(* Let $P$ be the uniform distribution on $[0,1]$ and $\beta=\{\frac14,\frac12\}$. The conditional optimal set of six-points for $P$ with respect to $\beta$ is $\alpha_6=\{\frac1{12},\frac14,\frac38,\frac12,\frac7{10},\frac9{10}\}$, with $V_6=\frac{1777}{691200}$ ($\approx0.00257089$).
   Context: For a Borel probability measure $P$ on $\mathbb{R}$ and finite $\beta$ with $\mathrm{card}(\beta)=r$, for $n\ge r$, $V_n=\inf\{\int\min_{a\in\alpha\cup\beta}(x-a)^2dP(x):\mathrm{card}(\alpha)\le n-r\}$; a set $\alpha\cup\beta$ attaining the infimum, with each point of $\beta$ having a Voronoi region of positive $P$-measure, is a conditional optimal set of $n$-points with respect to $\beta$. *)

theory Defs
  imports "HOL-Probability.Probability"
begin

definition distortion :: "real measure \<Rightarrow> real set \<Rightarrow> real" where
  "distortion P S = (\<integral>x. Min ((\<lambda>a. (x - a)^2) ` S) \<partial>P)"

definition cond_V :: "real measure \<Rightarrow> real set \<Rightarrow> nat \<Rightarrow> real" where
  "cond_V P \<beta> n = Inf {distortion P (\<alpha> \<union> \<beta>) | \<alpha>. finite \<alpha> \<and> card \<alpha> \<le> n - card \<beta>}"

definition voronoi :: "real set \<Rightarrow> real \<Rightarrow> real set" where
  "voronoi S a = {x. \<forall>b\<in>S. \<bar>x - a\<bar> \<le> \<bar>x - b\<bar>}"

definition cond_optimal :: "real measure \<Rightarrow> real set \<Rightarrow> nat \<Rightarrow> real set \<Rightarrow> bool" where
  "cond_optimal P \<beta> n S \<longleftrightarrow>
     (\<exists>\<alpha>. finite \<alpha> \<and> card \<alpha> \<le> n - card \<beta> \<and> S = \<alpha> \<union> \<beta>) \<and>
     distortion P S = cond_V P \<beta> n \<and>
     (\<forall>b\<in>\<beta>. measure P (voronoi S b) > 0)"

end

theory Submission
  imports Defs
begin

(* Cut [0,1] at the two prescribed points 1/4 and 1/2.  On a piece [u,v] every point of the
   configuration owns the two halves of its Voronoi cell, except that a prescribed endpoint of
   the piece owns only the half lying inside; with n such half-cells the distortion on [u,v] is
   at least (v - u)^3 / (3 n^2), with equality only for n half-cells of equal length.  This is
   proved by induction, removing the largest point and merging the two bounds with Radon's
   inequality a^3/p^2 + b^3/q^2 >= (a + b)^3/(p + q)^2.  At most six points give at most eight
   points on the three pieces (1/4 and 1/2 are counted twice), and a finite check shows that
   the sum of the three bounds is smallest, namely 1777/691200, only for 2, 3 and 3 points,
   whose equally spaced configurations together form alpha6. *)

definition sqdist_to :: "real set \<Rightarrow> real \<Rightarrow> real" where
  "sqdist_to S x = Min ((\<lambda>a. (x - a)^2) ` S)"

definition distortion_on :: "real set \<Rightarrow> real \<Rightarrow> real \<Rightarrow> real" where
  "distortion_on S u v = integral {u..v} (sqdist_to S)"

lemma sqdist_to_singleton [simp]: "sqdist_to {t} x = (x - t)^2"
  by (simp add: sqdist_to_def)

lemma continuous_sqdist_to:
  assumes "finite S" "S \<noteq> {}"
  shows "continuous_on UNIV (sqdist_to S)"
  using assms
proof (induction S rule: finite_ne_induct)
  case (singleton t)
  then show ?case by (simp add: continuous_intros)
next
  case (insert t S)
  have "sqdist_to (insert t S) = (\<lambda>x. min ((x - t)^2) (sqdist_to S x))"
    using insert by (simp add: sqdist_to_def fun_eq_iff)
  then show ?case using insert by (auto intro!: continuous_intros)
qed

lemma sqdist_to_integrable:
  assumes "finite S" "S \<noteq> {}"
  shows "sqdist_to S integrable_on {u..v}"
  using continuous_sqdist_to[OF assms] continuous_on_subset integrable_continuous_real by blast

lemma distortion_on_combine:
  assumes "finite S" "S \<noteq> {}" "u \<le> w" "w \<le> v"
  shows "distortion_on S u v = distortion_on S u w + distortion_on S w v"
  unfolding distortion_on_def
  using Henstock_Kurzweil_Integration.integral_combine[OF assms(3,4) sqdist_to_integrable[OF assms(1,2)]]
  by simp

lemma sqdist_to_eq_subset:
  assumes "finite S" "B \<subseteq> S" "B \<noteq> {}"
    and "\<And>a. a \<in> S \<Longrightarrow> \<exists>b\<in>B. \<bar>x - b\<bar> \<le> \<bar>x - a\<bar>"
  shows "sqdist_to S x = sqdist_to B x"
proof (rule antisym)
  have "finite B" using assms(1,2) finite_subset by blast
  then show "sqdist_to S x \<le> sqdist_to B x"
    unfolding sqdist_to_def using assms(1-3) by (intro Min_antimono) auto
  show "sqdist_to B x \<le> sqdist_to S x"
    unfolding sqdist_to_def
  proof (rule Min.boundedI)
    show "finite ((\<lambda>a. (x - a)^2) ` S)" using assms(1) by simp
    show "(\<lambda>a. (x - a)^2) ` S \<noteq> {}" using assms(2,3) by auto
    fix y assume "y \<in> (\<lambda>a. (x - a)^2) ` S"
    then obtain a b where "a \<in> S" "y = (x - a)^2" "b \<in> B" "\<bar>x - b\<bar> \<le> \<bar>x - a\<bar>"
      using assms(4) by blast
    with \<open>finite B\<close> show "Min ((\<lambda>a. (x - a)^2) ` B) \<le> y"
      by (meson Min_le_iff abs_le_square_iff finite_imageI image_eqI image_is_empty assms(3))
  qed
qed

lemma distortion_on_singleton:
  assumes "u \<le> v"
  shows "distortion_on {t} u v = (v - u)^3 / 12 + (v - u) * (t - (u + v) / 2)^2"
proof -
  have "((\<lambda>x. (x - t)^2) has_integral (v - t)^3 / 3 - (u - t)^3 / 3) {u..v}"
    using assms by (intro fundamental_theorem_of_calculus)
      (auto intro!: derivative_eq_intros
        simp: power2_eq_square has_real_derivative_iff_has_vector_derivative[symmetric])
  then have "distortion_on {t} u v = (v - t)^3 / 3 - (u - t)^3 / 3"
    unfolding distortion_on_def by (simp add: integral_unique flip: sqdist_to_singleton)
  then show ?thesis by (simp add: power2_eq_square power3_eq_cube field_simps)
qed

WHAT IS EXPECTED ▸ Repeat the material word for word.

ANSWER TO THIS EXERCISE ▸
(* Let $P$ be the uniform distribution on $[0,1]$ and $\beta=\{\frac14,\frac12\}$. The conditional optimal set of six-points for $P$ with respect to $\beta$ is $\alpha_6=\{\frac1{12},\frac14,\frac38,\frac12,\frac7{10},\frac9{10}\}$, with $V_6=\frac{1777}{691200}$ ($\approx0.00257089$).
   Context: For a Borel probability measure $P$ on $\mathbb{R}$ and finite $\beta$ with $\mathrm{card}(\beta)=r$, for $n\ge r$, $V_n=\inf\{\int\min_{a\in\alpha\cup\beta}(x-a)^2dP(x):\mathrm{card}(\alpha)\le n-r\}$; a set $\alpha\cup\beta$ attaining the infimum, with each point of $\beta$ having a Voronoi region of positive $P$-measure, is a conditional optimal set of $n$-points with respect to $\beta$. *)

theory Defs
  imports "HOL-Probability.Probability"
begin

definition distortion :: "real measure \<Rightarrow> real set \<Rightarrow> real" where
  "distortion P S = (\<integral>x. Min ((\<lambda>a. (x - a)^2) ` S) \<partial>P)"

definition cond_V :: "real measure \<Rightarrow> real set \<Rightarrow> nat \<Rightarrow> real" where
  "cond_V P \<beta> n = Inf {distortion P (\<alpha> \<union> \<beta>) | \<alpha>. finite \<alpha> \<and> card \<alpha> \<le> n - card \<beta>}"

definition voronoi :: "real set \<Rightarrow> real \<Rightarrow> real set" where
  "voronoi S a = {x. \<forall>b\<in>S. \<bar>x - a\<bar> \<le> \<bar>x - b\<bar>}"

definition cond_optimal :: "real measure \<Rightarrow> real set \<Rightarrow> nat \<Rightarrow> real set \<Rightarrow> bool" where
  "cond_optimal P \<beta> n S \<longleftrightarrow>
     (\<exists>\<alpha>. finite \<alpha> \<and> card \<alpha> \<le> n - card \<beta> \<and> S = \<alpha> \<union> \<beta>) \<and>
     distortion P S = cond_V P \<beta> n \<and>
     (\<forall>b\<in>\<beta>. measure P (voronoi S b) > 0)"

end

theory Submission
  imports Defs
begin

(* Cut [0,1] at the two prescribed points 1/4 and 1/2.  On a piece [u,v] every point of the
   configuration owns the two halves of its Voronoi cell, except that a prescribed endpoint of
   the piece owns only the half lying inside; with n such half-cells the distortion on [u,v] is
   at least (v - u)^3 / (3 n^2), with equality only for n half-cells of equal length.  This is
   proved by induction, removing the largest point and merging the two bounds with Radon's
   inequality a^3/p^2 + b^3/q^2 >= (a + b)^3/(p + q)^2.  At most six points give at most eight
   points on the three pieces (1/4 and 1/2 are counted twice), and a finite check shows that
   the sum of the three bounds is smallest, namely 1777/691200, only for 2, 3 and 3 points,
   whose equally spaced configurations together form alpha6. *)

definition sqdist_to :: "real set \<Rightarrow> real \<Rightarrow> real" where
  "sqdist_to S x = Min ((\<lambda>a. (x - a)^2) ` S)"

definition distortion_on :: "real set \<Rightarrow> real \<Rightarrow> real \<Rightarrow> real" where
  "distortion_on S u v = integral {u..v} (sqdist_to S)"

lemma sqdist_to_singleton [simp]: "sqdist_to {t} x = (x - t)^2"
  by (simp add: sqdist_to_def)

lemma continuous_sqdist_to:
  assumes "finite S" "S \<noteq> {}"
  shows "continuous_on UNIV (sqdist_to S)"
  using assms
proof (induction S rule: finite_ne_induct)
  case (singleton t)
  then show ?case by (simp add: continuous_intros)
next
  case (insert t S)
  have "sqdist_to (insert t S) = (\<lambda>x. min ((x - t)^2) (sqdist_to S x))"
    using insert by (simp add: sqdist_to_def fun_eq_iff)
  then show ?case using insert by (auto intro!: continuous_intros)
qed

lemma sqdist_to_integrable:
  assumes "finite S" "S \<noteq> {}"
  shows "sqdist_to S integrable_on {u..v}"
  using continuous_sqdist_to[OF assms] continuous_on_subset integrable_continuous_real by blast

lemma distortion_on_combine:
  assumes "finite S" "S \<noteq> {}" "u \<le> w" "w \<le> v"
  shows "distortion_on S u v = distortion_on S u w + distortion_on S w v"
  unfolding distortion_on_def
  using Henstock_Kurzweil_Integration.integral_combine[OF assms(3,4) sqdist_to_integrable[OF assms(1,2)]]
  by simp

lemma sqdist_to_eq_subset:
  assumes "finite S" "B \<subseteq> S" "B \<noteq> {}"
    and "\<And>a. a \<in> S \<Longrightarrow> \<exists>b\<in>B. \<bar>x - b\<bar> \<le> \<bar>x - a\<bar>"
  shows "sqdist_to S x = sqdist_to B x"
proof (rule antisym)
  have "finite B" using assms(1,2) finite_subset by blast
  then show "sqdist_to S x \<le> sqdist_to B x"
    unfolding sqdist_to_def using assms(1-3) by (intro Min_antimono) auto
  show "sqdist_to B x \<le> sqdist_to S x"
    unfolding sqdist_to_def
  proof (rule Min.boundedI)
    show "finite ((\<lambda>a. (x - a)^2) ` S)" using assms(1) by simp
    show "(\<lambda>a. (x - a)^2) ` S \<noteq> {}" using assms(2,3) by auto
    fix y assume "y \<in> (\<lambda>a. (x - a)^2) ` S"
    then obtain a b where "a \<in> S" "y = (x - a)^2" "b \<in> B" "\<bar>x - b\<bar> \<le> \<bar>x - a\<bar>"
      using assms(4) by blast
    with \<open>finite B\<close> show "Min ((\<lambda>a. (x - a)^2) ` B) \<le> y"
      by (meson Min_le_iff abs_le_square_iff finite_imageI image_eqI image_is_empty assms(3))
  qed
qed

lemma distortion_on_singleton:
  assumes "u \<le> v"
  shows "distortion_on {t} u v = (v - u)^3 / 12 + (v - u) * (t - (u + v) / 2)^2"
proof -
  have "((\<lambda>x. (x - t)^2) has_integral (v - t)^3 / 3 - (u - t)^3 / 3) {u..v}"
    using assms by (intro fundamental_theorem_of_calculus)
      (auto intro!: derivative_eq_intros
        simp: power2_eq_square has_real_derivative_iff_has_vector_derivative[symmetric])
  then have "distortion_on {t} u v = (v - t)^3 / 3 - (u - t)^3 / 3"
    unfolding distortion_on_def by (simp add: integral_unique flip: sqdist_to_singleton)
  then show ?thesis by (simp add: power2_eq_square power3_eq_cube field_simps)
qed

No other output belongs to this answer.